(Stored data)
%%

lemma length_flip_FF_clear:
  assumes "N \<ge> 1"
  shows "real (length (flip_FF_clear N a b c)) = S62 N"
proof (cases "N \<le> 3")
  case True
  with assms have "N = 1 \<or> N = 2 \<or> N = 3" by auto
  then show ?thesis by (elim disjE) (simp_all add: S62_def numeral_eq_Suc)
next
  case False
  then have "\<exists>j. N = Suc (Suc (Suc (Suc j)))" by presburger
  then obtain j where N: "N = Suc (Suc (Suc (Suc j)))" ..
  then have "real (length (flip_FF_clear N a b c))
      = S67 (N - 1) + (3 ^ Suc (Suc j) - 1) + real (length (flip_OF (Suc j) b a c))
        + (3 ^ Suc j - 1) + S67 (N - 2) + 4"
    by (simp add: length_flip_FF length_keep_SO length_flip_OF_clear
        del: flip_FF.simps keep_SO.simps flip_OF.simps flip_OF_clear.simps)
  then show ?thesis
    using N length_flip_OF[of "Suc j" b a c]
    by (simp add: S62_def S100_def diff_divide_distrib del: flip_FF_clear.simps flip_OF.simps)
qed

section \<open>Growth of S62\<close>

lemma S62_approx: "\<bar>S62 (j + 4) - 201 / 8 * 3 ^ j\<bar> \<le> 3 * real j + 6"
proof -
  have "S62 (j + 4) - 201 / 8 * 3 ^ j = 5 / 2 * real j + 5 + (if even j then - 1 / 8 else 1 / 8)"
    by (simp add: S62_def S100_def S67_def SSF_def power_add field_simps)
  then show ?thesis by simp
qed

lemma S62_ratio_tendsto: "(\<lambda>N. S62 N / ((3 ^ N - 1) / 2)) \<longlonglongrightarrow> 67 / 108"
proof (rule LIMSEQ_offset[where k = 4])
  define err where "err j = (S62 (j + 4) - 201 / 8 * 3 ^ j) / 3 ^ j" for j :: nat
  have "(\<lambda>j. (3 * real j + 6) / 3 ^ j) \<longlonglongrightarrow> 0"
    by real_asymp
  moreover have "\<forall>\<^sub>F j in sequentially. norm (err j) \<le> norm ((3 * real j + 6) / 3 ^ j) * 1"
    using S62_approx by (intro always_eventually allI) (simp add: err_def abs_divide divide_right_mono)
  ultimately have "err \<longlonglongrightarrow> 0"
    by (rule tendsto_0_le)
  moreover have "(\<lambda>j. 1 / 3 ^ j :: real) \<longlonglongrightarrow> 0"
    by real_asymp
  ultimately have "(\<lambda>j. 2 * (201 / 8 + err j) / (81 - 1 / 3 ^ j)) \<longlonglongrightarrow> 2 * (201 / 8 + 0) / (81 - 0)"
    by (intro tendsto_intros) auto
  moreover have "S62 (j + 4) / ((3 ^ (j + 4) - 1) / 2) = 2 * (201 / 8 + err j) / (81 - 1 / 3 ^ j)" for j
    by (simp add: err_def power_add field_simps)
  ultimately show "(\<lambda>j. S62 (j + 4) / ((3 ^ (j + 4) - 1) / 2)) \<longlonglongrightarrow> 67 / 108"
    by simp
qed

%%
%%

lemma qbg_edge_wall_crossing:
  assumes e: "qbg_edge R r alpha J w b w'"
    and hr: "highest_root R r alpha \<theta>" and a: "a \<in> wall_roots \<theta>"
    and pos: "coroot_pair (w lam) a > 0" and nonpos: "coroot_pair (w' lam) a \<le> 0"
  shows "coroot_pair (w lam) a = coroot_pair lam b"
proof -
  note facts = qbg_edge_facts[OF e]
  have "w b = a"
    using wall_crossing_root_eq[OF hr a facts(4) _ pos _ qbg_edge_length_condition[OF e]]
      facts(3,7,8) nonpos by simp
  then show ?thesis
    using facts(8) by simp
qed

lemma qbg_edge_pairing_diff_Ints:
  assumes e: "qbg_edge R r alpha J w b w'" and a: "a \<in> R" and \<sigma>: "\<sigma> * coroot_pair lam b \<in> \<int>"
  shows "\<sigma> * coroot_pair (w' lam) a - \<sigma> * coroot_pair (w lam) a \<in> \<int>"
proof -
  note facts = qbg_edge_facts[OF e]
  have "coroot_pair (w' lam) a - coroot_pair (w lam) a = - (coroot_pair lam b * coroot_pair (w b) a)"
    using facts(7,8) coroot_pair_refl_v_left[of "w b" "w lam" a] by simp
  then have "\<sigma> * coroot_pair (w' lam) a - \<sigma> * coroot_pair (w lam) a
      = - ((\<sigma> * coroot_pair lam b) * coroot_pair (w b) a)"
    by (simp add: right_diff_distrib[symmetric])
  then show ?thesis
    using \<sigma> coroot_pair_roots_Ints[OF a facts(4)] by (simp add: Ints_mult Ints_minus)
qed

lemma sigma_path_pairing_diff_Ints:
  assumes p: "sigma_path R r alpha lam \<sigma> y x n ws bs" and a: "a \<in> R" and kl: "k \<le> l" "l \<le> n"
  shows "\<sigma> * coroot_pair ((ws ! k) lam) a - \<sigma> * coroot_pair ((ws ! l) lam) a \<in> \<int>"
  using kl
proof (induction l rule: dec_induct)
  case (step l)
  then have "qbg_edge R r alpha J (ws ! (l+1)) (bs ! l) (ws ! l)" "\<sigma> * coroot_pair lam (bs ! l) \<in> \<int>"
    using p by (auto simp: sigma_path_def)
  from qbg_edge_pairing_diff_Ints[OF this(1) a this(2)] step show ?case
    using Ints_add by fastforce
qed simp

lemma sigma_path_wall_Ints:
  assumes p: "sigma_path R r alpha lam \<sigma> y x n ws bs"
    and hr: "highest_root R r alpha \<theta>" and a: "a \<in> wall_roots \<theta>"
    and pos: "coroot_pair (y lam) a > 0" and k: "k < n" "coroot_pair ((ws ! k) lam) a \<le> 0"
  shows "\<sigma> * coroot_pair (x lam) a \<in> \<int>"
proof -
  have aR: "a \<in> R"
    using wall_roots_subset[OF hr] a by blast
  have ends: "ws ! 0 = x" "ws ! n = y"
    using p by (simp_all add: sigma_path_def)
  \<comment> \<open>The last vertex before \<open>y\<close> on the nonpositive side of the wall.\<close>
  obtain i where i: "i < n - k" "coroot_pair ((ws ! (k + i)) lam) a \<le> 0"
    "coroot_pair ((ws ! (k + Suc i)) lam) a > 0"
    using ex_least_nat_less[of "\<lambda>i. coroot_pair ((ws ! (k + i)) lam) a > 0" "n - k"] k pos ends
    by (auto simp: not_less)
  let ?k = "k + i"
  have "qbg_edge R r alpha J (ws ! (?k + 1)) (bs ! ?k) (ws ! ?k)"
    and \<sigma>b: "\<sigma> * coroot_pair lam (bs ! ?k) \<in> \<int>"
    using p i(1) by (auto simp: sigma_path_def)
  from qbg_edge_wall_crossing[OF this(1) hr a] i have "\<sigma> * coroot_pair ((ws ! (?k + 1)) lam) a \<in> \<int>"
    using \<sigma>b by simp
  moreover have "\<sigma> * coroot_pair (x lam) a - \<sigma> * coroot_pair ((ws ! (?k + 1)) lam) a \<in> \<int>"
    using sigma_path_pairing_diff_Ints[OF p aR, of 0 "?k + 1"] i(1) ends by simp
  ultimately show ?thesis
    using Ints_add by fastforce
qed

%%
%%

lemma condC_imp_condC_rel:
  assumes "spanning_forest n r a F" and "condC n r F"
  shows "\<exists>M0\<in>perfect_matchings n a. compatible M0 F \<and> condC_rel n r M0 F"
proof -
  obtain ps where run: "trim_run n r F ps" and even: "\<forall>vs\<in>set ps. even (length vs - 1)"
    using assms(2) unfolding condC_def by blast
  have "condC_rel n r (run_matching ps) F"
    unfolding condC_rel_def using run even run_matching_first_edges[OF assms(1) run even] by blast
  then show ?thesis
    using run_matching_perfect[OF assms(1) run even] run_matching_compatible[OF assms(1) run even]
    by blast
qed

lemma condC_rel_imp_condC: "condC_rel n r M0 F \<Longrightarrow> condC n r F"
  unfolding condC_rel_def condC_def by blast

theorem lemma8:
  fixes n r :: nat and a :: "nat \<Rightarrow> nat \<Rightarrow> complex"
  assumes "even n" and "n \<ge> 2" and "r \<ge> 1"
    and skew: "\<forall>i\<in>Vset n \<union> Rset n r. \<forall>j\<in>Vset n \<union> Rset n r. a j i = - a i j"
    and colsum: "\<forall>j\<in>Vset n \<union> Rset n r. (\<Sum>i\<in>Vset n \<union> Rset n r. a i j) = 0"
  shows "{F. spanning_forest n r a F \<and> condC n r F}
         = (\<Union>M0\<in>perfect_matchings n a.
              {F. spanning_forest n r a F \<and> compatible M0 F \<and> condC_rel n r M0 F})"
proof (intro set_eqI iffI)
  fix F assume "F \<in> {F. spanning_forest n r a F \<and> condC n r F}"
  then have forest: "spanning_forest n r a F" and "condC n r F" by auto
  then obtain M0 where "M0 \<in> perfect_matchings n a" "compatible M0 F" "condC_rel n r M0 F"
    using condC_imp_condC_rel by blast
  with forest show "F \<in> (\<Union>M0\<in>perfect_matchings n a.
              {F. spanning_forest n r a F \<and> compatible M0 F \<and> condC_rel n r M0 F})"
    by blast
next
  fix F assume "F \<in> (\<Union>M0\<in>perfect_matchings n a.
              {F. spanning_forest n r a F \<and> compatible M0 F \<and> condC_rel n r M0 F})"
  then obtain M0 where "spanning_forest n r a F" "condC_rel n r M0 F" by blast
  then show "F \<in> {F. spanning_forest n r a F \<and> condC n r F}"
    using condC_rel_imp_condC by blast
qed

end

%%

* [Exercise details]: Pull together all lines from the data that mention the word "auto".

* [Output for this exercise]:
  with assms have "N = 1 \<or> N = 2 \<or> N = 3" by auto
    by (intro tendsto_intros) auto
    using p by (auto simp: sigma_path_def)
    by (auto simp: not_less)
    using p i(1) by (auto simp: sigma_path_def)
  then have forest: "spanning_forest n r a F" and "condC n r F" by auto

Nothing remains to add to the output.